WHAT TO WORK ON>
Below are several records. Retype exactly those lines running from the one with "q = (THE K." through the one with "projections are K_pq", end lines included, and no others.

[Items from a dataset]

·····

(* Let $p,q,p',q'\in(0,1/2)$ and suppose $K_{pq}$ and $K_{p'q'}$ are twofold Cantor sets, with generating systems $\{S_1,S_2,S_3,S_4\}$ and $\{S_1',S_2',S_3',S_4'\}$ respectively. Then: (i) there is a homeomorphism $f:K_{pq}\to K_{p'q'}$ realising an isomorphism of the self-similar structures, i.e. $f(S_i(x))=S_i'(f(x))$ for all $x\in K_{pq}$ and all $i\in\{1,2,3,4\}$; (ii) if $(p,q)\neq(p',q')$, then such a homeomorphism $f$ cannot be extended to a homeomorphism of $[0,1]$ onto itself.
   Context: For $p,q\in(0,1/2)$ let $S_1(x)=px$, $S_2(x)=qx$, $S_3(x)=px+1-p$, $S_4(x)=qx+1-q$, let $K_{pq}$ be the attractor of $\{S_1,S_2,S_3,S_4\}$ (the unique nonempty compact $K\subset\mathbb R$ with $K=\bigcup_{i=1}^4S_i(K)$), and let $A=S_3(K_{pq})\cup S_4(K_{pq})$. $K_{pq}$ is called a twofold Cantor set if $S_1^m(A)\cap S_2^n(A)=\varnothing$ for all $m,n\in\mathbb N$. The maps $S_i'$ are defined in the same way with $p',q'$ in place of $p,q$. *)

theory Defs
  imports "HOL-Analysis.Analysis"
begin

definition Smap :: "real \<Rightarrow> real \<Rightarrow> nat \<Rightarrow> real \<Rightarrow> real" where
  "Smap p q i x =
     (if i = 1 then p * x
      else if i = 2 then q * x
      else if i = 3 then p * x + 1 - p
      else q * x + 1 - q)"

definition Kpq :: "real \<Rightarrow> real \<Rightarrow> real set" where
  "Kpq p q = (THE K. K \<noteq> {} \<and> compact K \<and> K = (\<Union>i\<in>{1..4}. Smap p q i ` K))"

definition Apq :: "real \<Rightarrow> real \<Rightarrow> real set" where
  "Apq p q = Smap p q 3 ` Kpq p q \<union> Smap p q 4 ` Kpq p q"

definition twofold :: "real \<Rightarrow> real \<Rightarrow> bool" where
  "twofold p q \<longleftrightarrow>
     (\<forall>m n. m \<ge> 1 \<longrightarrow> n \<ge> 1 \<longrightarrow>
        ((Smap p q 1) ^^ m) ` Apq p q \<inter> ((Smap p q 2) ^^ n) ` Apq p q = {})"

end

theory Submission
  imports Defs
begin

text \<open>The coupled system (x, y) \<mapsto> (S_i x, S'_i y) on the plane has an attractor G whose
  projections are K_pq and K_p'q'. By the twofold condition every nonzero point of K_pq is
  p^a q^b z with unique exponents and z \<in> A; together with the symmetry x \<mapsto> 1 - x this makes
  the fibres of G shrink by the factor max p' q' under the rescalings, so G is the graph of a
  homeomorphism f, which conjugates the two systems.

  A homeomorphism of [0, 1] extending f fixes 0, hence increases, so f preserves the order
  among the points p^a q^b and (1 - p) p^a q^b. In logarithmic coordinates, where the twofold
  condition makes ln p / ln q irrational, this forces (p', q') = (p, q).\<close>

definition attractor :: "('i \<Rightarrow> 'a::heine_borel \<Rightarrow> 'a) \<Rightarrow> 'i set \<Rightarrow> 'a set" where
  "attractor T I = (THE K. K \<noteq> {} \<and> compact K \<and> K = (\<Union>i\<in>I. T i ` K))"

inductive_set ifs_orbit :: "('i \<Rightarrow> 'a \<Rightarrow> 'a) \<Rightarrow> 'i set \<Rightarrow> 'a \<Rightarrow> 'a set" for T I x0 where
  start: "x0 \<in> ifs_orbit T I x0"
| step: "i \<in> I \<Longrightarrow> x \<in> ifs_orbit T I x0 \<Longrightarrow> T i x \<in> ifs_orbit T I x0"

lemma nonpos_if_le_geometric:
  fixes x B c :: real
  assumes "c < 1" and le: "\<And>n. x \<le> c ^ n * B"
  shows "x \<le> 0"
proof (rule ccontr)
  assume "\<not> x \<le> 0"
  then have "0 < x" "0 < B" using le[of 0] by auto
  then obtain n where "c ^ n < x / B" using real_arch_pow_inv \<open>c < 1\<close> by fastforce
  with le[of n] \<open>0 < B\<close> show False by (simp add: field_simps)
qed

locale contracting_ifs =
  fixes T :: "'i \<Rightarrow> 'a::heine_borel \<Rightarrow> 'a" and I :: "'i set" and c :: real
  assumes finite_index: "finite I" and index_nonempty: "I \<noteq> {}"
    and factor_nonneg: "0 \<le> c" and factor_less_1: "c < 1"
    and contraction: "\<And>i x y. i \<in> I \<Longrightarrow> dist (T i x) (T i y) \<le> c * dist x y"
begin

lemma continuous_on_map: "i \<in> I \<Longrightarrow> continuous_on S (T i)"
  by (intro lipschitz_on_continuous_on[of c] lipschitz_onI contraction factor_nonneg)

lemma infdist_map_le:
  assumes "i \<in> I" "closed C" "C \<noteq> {}" "T i ` C \<subseteq> C"
  shows "infdist (T i x) C \<le> c * infdist x C"
proof -
  obtain y where y: "y \<in> C" "infdist x C = dist x y"
    using infdist_attains_inf[OF assms(2,3)] by metis
  have "infdist (T i x) C \<le> dist (T i x) (T i y)"
    using y assms(4) by (intro infdist_le) blast
  also have "\<dots> \<le> c * dist x y" using contraction[OF assms(1)] .
  finally show ?thesis using y by simp
qed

·····

EXPECTED ANSWER>
  "Kpq p q = (THE K. K \<noteq> {} \<and> compact K \<and> K = (\<Union>i\<in>{1..4}. Smap p q i ` K))"

definition Apq :: "real \<Rightarrow> real \<Rightarrow> real set" where
  "Apq p q = Smap p q 3 ` Kpq p q \<union> Smap p q 4 ` Kpq p q"

definition twofold :: "real \<Rightarrow> real \<Rightarrow> bool" where
  "twofold p q \<longleftrightarrow>
     (\<forall>m n. m \<ge> 1 \<longrightarrow> n \<ge> 1 \<longrightarrow>
        ((Smap p q 1) ^^ m) ` Apq p q \<inter> ((Smap p q 2) ^^ n) ` Apq p q = {})"

end

theory Submission
  imports Defs
begin

text \<open>The coupled system (x, y) \<mapsto> (S_i x, S'_i y) on the plane has an attractor G whose
  projections are K_pq and K_p'q'. By the twofold condition every nonzero point of K_pq is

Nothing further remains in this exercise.